Chemical properties of thiophene

It is a colorless fluid liquid with an aromatic odor similar to benzene. Flammable. Toxic. Absorption through skin or inhalation of vapors can cause poisoning. Contact with strong oxidants is prohibited. Like benzene, thiophene can undergo nuclear substitution reactions such as alkylation, sulfonation, nitration, halogenation, cyanation, and chloromethylation. Thiophene is aromatic, similar to benzene, and more prone to electrophilic substitution reaction than benzene, mainly substituted at the 2-position. The hydrogen on the 2-position of thiophene is also easily substituted by metals to generate derivatives such as mercury and sodium. The thiophene ring system has certain stability to oxidizing agents, for example, alkyl-substituted thiophenes can be oxidized to form thiophene carboxylic acids. Dihydrothiophene and some ring-opening compounds can be obtained by reducing thiophene with metallic sodium in liquid ammonia and methanol solution. Reduction of thiophene by catalytic hydrogenation yields tetrahydrothiophene. In industry, thiophene is prepared from butane and sulfur. In the laboratory, thiophene is prepared by reacting 1,4-dicarbonyl compounds with phosphorus trisulfide. Acetyl butanone reacts with phosphorus sulfide to generate 2,5-dimethylthiophene. Thiophene can replace benzene in many occasions as a raw material for making dyes and plastics, but because of its more active properties, it is generally not as good as products made from benzene. Thiophene can also be used as a solvent.

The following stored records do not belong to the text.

(* Let $\mathcal{B}$ be a complete topological ring and let $\mathrm{e}\colon\mathcal{B}\to\mathcal{B}\{T\}$ be a restricted exponential homomorphism. Then the compositions $\varphi=\pi_{(1)}\circ\mathrm{e}\colon\mathcal{B}\to\mathcal{B}$ and $\psi=\pi_{(-1)}\circ\mathrm{e}\colon\mathcal{B}\to\mathcal{B}$ are continuous ring automorphisms of $\mathcal{B}$ inverse to each other, where $\pi_{(\pm1)}\colon\mathcal{B}\{T\}\to\mathcal{B}$ is the continuous $\mathcal{B}$-algebra homomorphism $\sum_ib_iT^i\mapsto\sum_ib_i(\pm1)^i$.
   Context: Conventions: topological rings are linearly topologized with a countable fundamental system of open ideals; homomorphisms are continuous; complete means the canonical map to $\varprojlim_{\mathfrak{a}}\mathcal{B}/\mathfrak{a}$ (open ideals, discrete quotients) is a topological isomorphism. $\mathcal{B}\{T\}$, $\mathcal{B}\{T,T'\}$ denote restricted power series over $\mathcal{B}$ (coefficients converging to $0$, so the sums above converge), topologized by the ideals of series with all coefficients in a given open ideal. A restricted exponential homomorphism is a continuous ring homomorphism $\mathrm{e}\colon\mathcal{B}\to\mathcal{B}\{T\}$, $\mathrm{e}(b)=\sum_i\mathrm{e}_i(b)T^i$, with $\mathrm{e}_0=\mathrm{id}$ and $\sum_{i,j}\mathrm{e}_j(\mathrm{e}_i(b))T'^jT^i=\sum_\ell\mathrm{e}_\ell(b)(T+T')^\ell$ for all $b$. *)

theory Defs
  imports Main
begin

text \<open>A linearly topologized commutative ring with a countable fundamental system
  of open ideals, given by a decreasing sequence I 0, I 1, ... of ideals.
  The open ideals are exactly the ideals containing some I n.\<close>

definition is_ideal :: "'a::comm_ring_1 set \<Rightarrow> bool" where
  "is_ideal J \<longleftrightarrow> 0 \<in> J \<and> (\<forall>x\<in>J. \<forall>y\<in>J. x + y \<in> J) \<and> (\<forall>x\<in>J. - x \<in> J)
     \<and> (\<forall>r x. x \<in> J \<longrightarrow> r * x \<in> J)"

definition lin_top :: "(nat \<Rightarrow> 'a::comm_ring_1 set) \<Rightarrow> bool" where
  "lin_top I \<longleftrightarrow> (\<forall>n. is_ideal (I n)) \<and> (\<forall>n. I (Suc n) \<subseteq> I n)"

text \<open>Elements of the inverse limit of the discrete quotients B / I n, represented
  by compatible families of representatives.\<close>
definition compatible_family :: "(nat \<Rightarrow> 'a::comm_ring_1 set) \<Rightarrow> (nat \<Rightarrow> 'a) \<Rightarrow> bool" where
  "compatible_family I x \<longleftrightarrow> (\<forall>m n. n \<le> m \<longrightarrow> x m - x n \<in> I n)"

text \<open>Completeness: the canonical map B \<rightarrow> lim B / I n is bijective
  (injective: Hausdorff; surjective: every compatible family comes from an element).
  For linear topologies this bijection is automatically a homeomorphism.\<close>
definition complete_lin :: "(nat \<Rightarrow> 'a::comm_ring_1 set) \<Rightarrow> bool" where
  "complete_lin I \<longleftrightarrow> lin_top I \<and> (\<Inter>n. I n) = {0}
     \<and> (\<forall>x. compatible_family I x \<longrightarrow> (\<exists>b. \<forall>n. b - x n \<in> I n))"

definition cont_map :: "(nat \<Rightarrow> 'a::comm_ring_1 set) \<Rightarrow> ('a \<Rightarrow> 'a) \<Rightarrow> bool" where
  "cont_map I f \<longleftrightarrow> (\<forall>n. \<exists>m. \<forall>b\<in>I m. f b \<in> I n)"

definition ring_hom_on :: "('a::comm_ring_1 \<Rightarrow> 'a) \<Rightarrow> bool" where
  "ring_hom_on f \<longleftrightarrow> f 1 = 1 \<and> (\<forall>a b. f (a + b) = f a + f b) \<and> (\<forall>a b. f (a * b) = f a * f b)"

definition lin_tendsto :: "(nat \<Rightarrow> 'a::comm_ring_1 set) \<Rightarrow> (nat \<Rightarrow> 'a) \<Rightarrow> 'a \<Rightarrow> bool" where
  "lin_tendsto I s L \<longleftrightarrow> (\<forall>n. \<exists>N. \<forall>k\<ge>N. s k - L \<in> I n)"

definition lin_suminf :: "(nat \<Rightarrow> 'a::comm_ring_1 set) \<Rightarrow> (nat \<Rightarrow> 'a) \<Rightarrow> 'a" where
  "lin_suminf I c = (THE L. lin_tendsto I (\<lambda>N. \<Sum>i<N. c i) L)"

definition restricted :: "(nat \<Rightarrow> 'a::comm_ring_1 set) \<Rightarrow> (nat \<Rightarrow> 'a) \<Rightarrow> bool" where
  "restricted I c \<longleftrightarrow> (\<forall>n. \<exists>N. \<forall>i\<ge>N. c i \<in> I n)"

text \<open>A restricted exponential homomorphism e : B \<rightarrow> B{T}, written as
  e b i = e_i(b).  Ring homomorphism into B{T} (with Cauchy product), continuous
  for the topology on B{T} given by the ideals of series with all coefficients in
  an open ideal, e_0 = id, and the identity
  sum_{i,j} e_j(e_i(b)) T'^j T^i = sum_l e_l(b) (T+T')^l in B{T,T'},
  written coefficientwise (coefficient of T^i T'^j).\<close>
definition restricted_exp_hom ::
    "(nat \<Rightarrow> 'a::comm_ring_1 set) \<Rightarrow> ('a \<Rightarrow> nat \<Rightarrow> 'a) \<Rightarrow> bool" where
  "restricted_exp_hom I e \<longleftrightarrow>
     (\<forall>b. restricted I (e b))
     \<and> e 1 = (\<lambda>i. if i = 0 then 1 else 0)
     \<and> (\<forall>a b i. e (a + b) i = e a i + e b i)
     \<and> (\<forall>a b k. e (a * b) k = (\<Sum>i\<le>k. e a i * e b (k - i)))
     \<and> (\<forall>n. \<exists>m. \<forall>b\<in>I m. \<forall>i. e b i \<in> I n)
     \<and> (\<forall>b. e b 0 = b)
     \<and> (\<forall>b i j. e (e b i) j = of_nat ((i + j) choose i) * e b (i + j))"

definition exp_phi :: "(nat \<Rightarrow> 'a::comm_ring_1 set) \<Rightarrow> ('a \<Rightarrow> nat \<Rightarrow> 'a) \<Rightarrow> 'a \<Rightarrow> 'a" where
  "exp_phi I e b = lin_suminf I (\<lambda>i. e b i)"

definition exp_psi :: "(nat \<Rightarrow> 'a::comm_ring_1 set) \<Rightarrow> ('a \<Rightarrow> nat \<Rightarrow> 'a) \<Rightarrow> 'a \<Rightarrow> 'a" where
  "exp_psi I e b = lin_suminf I (\<lambda>i. (- 1) ^ i * e b i)"

end

theory Submission
  imports Defs HOL.Modules
begin

(* For every t the specialisation exp_eval t = \<pi>_(t) \<circ> e at T = t is a continuous ring
   homomorphism, because in a complete ring summation of restricted series commutes with
   sums, Cauchy products and continuous additive maps. Specialising the exponential identity
   at T = t, T' = s gives exp_eval s \<circ> exp_eval t = exp_eval (s + t) whenever e(t) = t
   (so that each e_j commutes with multiplication by powers of t), e.g. for t = 1 and t = -1;
   the double series involved may be summed along diagonals since its terms tend to 0 with
   i + j. As exp_eval 0 is the identity, exp_eval 1 and exp_eval (-1) are mutually inverse. *)

locale lin_top_ring =
  fixes I :: "nat \<Rightarrow> 'a::comm_ring_1 set"
  assumes lin_top: "lin_top I"
begin

lemma is_ideal: "is_ideal (I n)"
  using lin_top by (simp add: lin_top_def)

lemma ideal_zero [simp]: "0 \<in> I n"
  using is_ideal by (simp add: is_ideal_def)

lemma ideal_add: "x \<in> I n \<Longrightarrow> y \<in> I n \<Longrightarrow> x + y \<in> I n"
  using is_ideal by (simp add: is_ideal_def)

lemma ideal_uminus: "x \<in> I n \<Longrightarrow> - x \<in> I n"
  using is_ideal by (simp add: is_ideal_def)

lemma ideal_diff: "x \<in> I n \<Longrightarrow> y \<in> I n \<Longrightarrow> x - y \<in> I n"
  using ideal_add[of x n "- y"] ideal_uminus[of y n] by simp

lemma ideal_mult_left: "x \<in> I n \<Longrightarrow> r * x \<in> I n"
  using is_ideal by (simp add: is_ideal_def)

Preparation of thiophene by extraction

Thiophene exists in the crude benzene fraction produced by coking and is a tar impurity. Because the boiling points of thiophene and benzene are close, it is difficult to separate the two by ordinary fractional distillation. Solvent extraction method.

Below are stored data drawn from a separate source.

(* Let $R\subseteq T$ be an integral extension of rings. Suppose that for every maximal ideal $Q$ of $T$ there is a maximal subring $V$ of $T$, integrally closed in $T$, with $(V:T)=Q$. Then for every maximal ideal $P$ of $R$ there is a maximal subring $W$ of $R$, integrally closed in $R$, with $(W:R)=P$.
   Context: All rings are commutative with $1\neq0$ and subrings are unital. A maximal subring of a ring $A$ is a proper subring maximal with respect to inclusion among proper subrings. The conductor of $S\subseteq A$ is $(S:A)=\{x\in A\mid Ax\subseteq S\}$. *)

theory Defs
  imports Main
begin

text \<open>Rings are subsets of an ambient commutative ring type (with 0 \<noteq> 1);
a ring here is a (unital) subring of the ambient type.\<close>

definition is_subring :: "'a::comm_ring_1 set \<Rightarrow> bool" where
  "is_subring S \<longleftrightarrow> 1 \<in> S \<and> (\<forall>x\<in>S. \<forall>y\<in>S. x + y \<in> S \<and> x * y \<in> S) \<and> (\<forall>x\<in>S. - x \<in> S)"

definition maximal_subring :: "'a::comm_ring_1 set \<Rightarrow> 'a set \<Rightarrow> bool" where
  "maximal_subring W A \<longleftrightarrow> is_subring W \<and> W \<subset> A \<and>
     (\<forall>S. is_subring S \<and> W \<subseteq> S \<and> S \<subset> A \<longrightarrow> S = W)"

definition integral_over :: "'a::comm_ring_1 set \<Rightarrow> 'a \<Rightarrow> bool" where
  "integral_over S x \<longleftrightarrow>
     (\<exists>n::nat. \<exists>c::nat \<Rightarrow> 'a. (\<forall>i<n. c i \<in> S) \<and> x ^ n + (\<Sum>i<n. c i * x ^ i) = 0)"

definition integrally_closed_in :: "'a::comm_ring_1 set \<Rightarrow> 'a set \<Rightarrow> bool" where
  "integrally_closed_in W A \<longleftrightarrow> (\<forall>x\<in>A. integral_over W x \<longrightarrow> x \<in> W)"

definition integral_extension :: "'a::comm_ring_1 set \<Rightarrow> 'a set \<Rightarrow> bool" where
  "integral_extension R T \<longleftrightarrow> is_subring R \<and> is_subring T \<and> R \<subseteq> T \<and> (\<forall>x\<in>T. integral_over R x)"

definition conductor :: "'a::comm_ring_1 set \<Rightarrow> 'a set \<Rightarrow> 'a set" where
  "conductor S A = {x \<in> A. \<forall>a\<in>A. a * x \<in> S}"

definition ideal_in :: "'a::comm_ring_1 set \<Rightarrow> 'a set \<Rightarrow> bool" where
  "ideal_in I A \<longleftrightarrow> I \<subseteq> A \<and> 0 \<in> I \<and> (\<forall>x\<in>I. \<forall>y\<in>I. x + y \<in> I) \<and>
     (\<forall>a\<in>A. \<forall>x\<in>I. a * x \<in> I)"

definition maximal_ideal_in :: "'a::comm_ring_1 set \<Rightarrow> 'a set \<Rightarrow> bool" where
  "maximal_ideal_in P A \<longleftrightarrow> ideal_in P A \<and> P \<noteq> A \<and>
     (\<forall>J. ideal_in J A \<and> P \<subseteq> J \<longrightarrow> J = P \<or> J = A)"

end

theory Submission
  imports Defs "HOL-Computational_Algebra.Polynomial"
begin

text \<open>Since \<open>T\<close> is integral over \<open>R\<close>, some maximal ideal \<open>Q\<close> of \<open>T\<close> lies over \<open>P\<close>; for the
  corresponding \<open>V\<close> we get \<open>P \<subseteq> Q = (V:T) \<subseteq> V\<close>, and \<open>W = V \<inter> R\<close> is the required subring.
  Maximality and integral closedness make \<open>V\<close> behave like a valuation ring inside \<open>T\<close>: if
  \<open>x \<notin> V\<close> and \<open>x y \<in> V\<close> then \<open>y \<in> V\<close>, and if moreover \<open>y \<in> V\<close> then every element of \<open>T\<close>
  is multiplied into \<open>V\<close> by a power of \<open>y\<close>. For \<open>s \<in> R - W\<close> write \<open>1 = p + s u\<close> with
  \<open>p \<in> P\<close>, \<open>u \<in> R\<close>; then \<open>u \<in> V\<close>, and for \<open>r \<in> R\<close> with \<open>r u\<^sup>m \<in> V\<close> the decomposition
  \<open>r = (r u\<^sup>m) s\<^sup>m + r (1 - (s u)\<^sup>m)\<close> puts \<open>r\<close> into \<open>W[s]\<close>, so \<open>W\<close> is maximal.
  Finally \<open>(W:R)\<close> is a proper ideal of \<open>R\<close> containing \<open>P\<close>, hence equal to \<open>P\<close>.\<close>

lemma subring_zero: "is_subring S \<Longrightarrow> 0 \<in> S"
  unfolding is_subring_def by (metis add.right_inverse)

lemma subring_one: "is_subring S \<Longrightarrow> 1 \<in> S"
  unfolding is_subring_def by blast

lemma subring_add: "is_subring S \<Longrightarrow> x \<in> S \<Longrightarrow> y \<in> S \<Longrightarrow> x + y \<in> S"
  unfolding is_subring_def by blast

lemma subring_mult: "is_subring S \<Longrightarrow> x \<in> S \<Longrightarrow> y \<in> S \<Longrightarrow> x * y \<in> S"
  unfolding is_subring_def by blast

lemma subring_uminus: "is_subring S \<Longrightarrow> x \<in> S \<Longrightarrow> - x \<in> S"
  unfolding is_subring_def by blast

lemma subring_diff: "is_subring S \<Longrightarrow> x \<in> S \<Longrightarrow> y \<in> S \<Longrightarrow> x - y \<in> S"
  by (metis diff_conv_add_uminus subring_add subring_uminus)

lemma subring_power: "is_subring S \<Longrightarrow> x \<in> S \<Longrightarrow> x ^ n \<in> S"
  by (induction n) (auto intro: subring_one subring_mult)

lemma subring_sum: "is_subring S \<Longrightarrow> (\<And>i. i \<in> I \<Longrightarrow> f i \<in> S) \<Longrightarrow> sum f I \<in> S"
  by (induction I rule: infinite_finite_induct) (auto intro: subring_zero subring_add)

lemma subring_Int: "is_subring S \<Longrightarrow> is_subring S' \<Longrightarrow> is_subring (S \<inter> S')"
  unfolding is_subring_def by auto

lemma ideal_in_subset: "ideal_in I A \<Longrightarrow> I \<subseteq> A"
  unfolding ideal_in_def by blast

The hydrorefining method has high cost and large investment, and is not advisable for industrial production; the sulfuric acid method has serious pollution, low yield, and difficult post-processing, and is also a backward process. A small number of coking plants use this method to produce a small amount of thiophene; The yield is high, the product purity is high, and it is suitable for large-scale production.

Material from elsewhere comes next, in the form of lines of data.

lemma gradnorm2_eq_spectral_sum: "gradnorm2 K f = spectral_sum K lam f"
proof -
  have "hermitian (\<lambda>k l. \<i> * complex_of_real (2 * pi * of_int k))"
    "hermitian (\<lambda>k l. \<i> * complex_of_real (2 * pi * of_int l))"
    by (simp_all add: hermitian_def)
  then show ?thesis
    unfolding gradnorm2_def DNx_def DNy_def
    by (simp add: gnorm_fmult_sq spectral_sum_add[symmetric] norm_mult power_mult_distrib)
       (simp add: lam_def[abs_def] power_mult_distrib mult_ac)
qed

lemma ginner_GN_minus_LN:
  "ginner K (\<lambda>i j. (1 / dt) * GN K eps kappa dt f i j - LN K eps kappa f i j) f =
     spectral_sum K (\<lambda>k l. (1 / dt) * (if k = 0 \<and> l = 0 then 0 else
         dt * LamL eps kappa k l / (1 - exp (- dt * LamL eps kappa k l))) - LamL eps kappa k l) f"
proof -
  have "ginner K (\<lambda>i j. (1 / dt) * GN K eps kappa dt f i j - LN K eps kappa f i j) f =
          (1 / dt) * ginner K (GN K eps kappa dt f) f - ginner K (LN K eps kappa f) f"
    unfolding ginner_def by (simp add: sum_subtractf sum_distrib_left algebra_simps)
  then show ?thesis
    unfolding GN_def LN_def ginner_fmult_self spectral_sum_diff spectral_sum_cmult
    by (simp add: if_distrib[of Re] cong: if_cong)
qed

lemma le_mult_sq_of_ge_powi:
  fixes A B a e :: real
  assumes "a \<noteq> 0" "e \<noteq> 0" "A \<ge> B * a powi (-2) * e powi (-2)"
  shows "B \<le> A * e\<^sup>2 * a\<^sup>2"
  using assms by (simp add: power_int_minus field_simps)

theorem proposition2p2:
  fixes K :: nat and eps kappa dt A :: real and f :: "nat \<Rightarrow> nat \<Rightarrow> real"
  assumes eps: "eps > 0" and kap: "kappa \<ge> 1/4" and dt: "dt > 0"
    and A: "A \<ge> (3 * (1 / (1 - exp (-2))) * (1 + kappa) - kappa / 4) ^ 4
               * (ln ((3 * (1 / (1 - exp (-2))) * (1 + kappa) + kappa / 2)
                     / (3 * (1 / (1 - exp (-2))) * (1 + kappa) - kappa / 2))) powi (-2)
               * eps powi (-2)"
    and mean0: "(\<Sum>i<gridN K. \<Sum>j<gridN K. f i j) = 0"
  shows "(eps^2 / 2 + A * dt^2) * (gnorm K (LapN K f))^2
         + (kappa - 1/8) * gradnorm2 K f
         + ginner K (\<lambda>i j. (1 / dt) * GN K eps kappa dt f i j - LN K eps kappa f i j) f
         \<ge> 3 * (1 / (1 - exp (-2))) * (1 + kappa) * gradnorm2 K f"
proof -
  define g where "g = 3 * (1 / (1 - exp (-2::real))) * (1 + kappa)"
  have "1 \<le> 1 / (1 - exp (-2::real))"
    by simp
  then have "3 * 1 * (1 + kappa) \<le> g"
    using kap unfolding g_def by (intro mult_right_mono mult_left_mono) auto
  then have g: "g \<ge> 3 * kappa"
    by simp
  have "1 < (g + kappa / 2) / (g - kappa / 2)"
    using g kap by (simp add: field_simps)
  then have "ln ((g + kappa / 2) / (g - kappa / 2)) > 0"
    by (rule ln_gt_zero)
  with A eps have A': "(g - kappa / 4) ^ 4 \<le> A * eps\<^sup>2 * (ln ((g + kappa / 2) / (g - kappa / 2)))\<^sup>2"
    unfolding g_def[symmetric] by (intro le_mult_sq_of_ge_powi) auto
  have "spectral_sum K (\<lambda>k l. g * lam k l) f \<le>
      spectral_sum K (\<lambda>k l. (eps\<^sup>2 / 2 + A * dt\<^sup>2) * (lam k l)\<^sup>2 + (kappa - 1 / 8) * lam k l
        + ((1 / dt) * (if k = 0 \<and> l = 0 then 0 else
             dt * LamL eps kappa k l / (1 - exp (- dt * LamL eps kappa k l))) - LamL eps kappa k l)) f"
    using mode_bound[OF eps kap dt lam_pos g A'] by (intro spectral_sum_mono) (auto simp: LamL_def lam_def)
  then show ?thesis
    unfolding gnorm_LapN_sq gradnorm2_eq_spectral_sum ginner_GN_minus_LN g_def[symmetric]
    by (simp add: spectral_sum_add spectral_sum_cmult)
qed

end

Process for preparing thiophene in industry

Industrially, thiophene is prepared by the action of butane and sulfur. Butane is first dehydrogenated, and then ring-closed with sulfur to form thiophene. In the laboratory, thiophene is prepared by reacting 1,4-dicarbonyl compounds with phosphorus trisulfide. Acetyl butanone reacts with phosphorus sulfide to generate 2,5-dimethylthiophene.

If the thiophene cannot be extracted and refined well, limited resources will be wasted and serious pollution will be caused to the environment. In many chemical syntheses using benzene as a solvent, the presence of trace amounts of thiophene will seriously affect the product quality and even scrap it.

The world's first industrial plant for the production of thiophene adopts the gas-phase catalytic process of butane and sulfur (nobiloil method, developed by Soccong-Vaccum Company), with a yield of 40%. Low, serious equipment corrosion, environmental pollution and stop production. The newer methods are: 1. Gas-phase catalysis method, by continuously reacting butene, butadiene, n-butanol, butenal with carbon disulfide or sulfur dioxide in the presence of an alkali-promoted metal oxide catalyst at 500 °C to obtain thiophene and its thiophene. Derivatives; ② by reacting furan or methylfuran with carbon disulfide under the catalysis of heteropoly acid at 400 ℃ to prepare thiophene and methylthiophene, the yield can reach 93%, the catalyst has a long life, no need for periodic regeneration, it is a promising 3) Butane is mixed with sulfur in gas phase, and reacts rapidly at 600°C; 4) In the presence of iron oxide, acetylene is reacted by pyrite heated to 300°C; 5) Anhydrous sodium succinate and phosphorus trisulfide are Reacts at high temperature and in a stream of carbon dioxide.

Reference

1 Bak B, Christensen D, Hansen-Nygaard L, et al. The structure of thiophene[J]. Journal of Molecular Spectroscopy, 1961, 7(1-6): 58-63.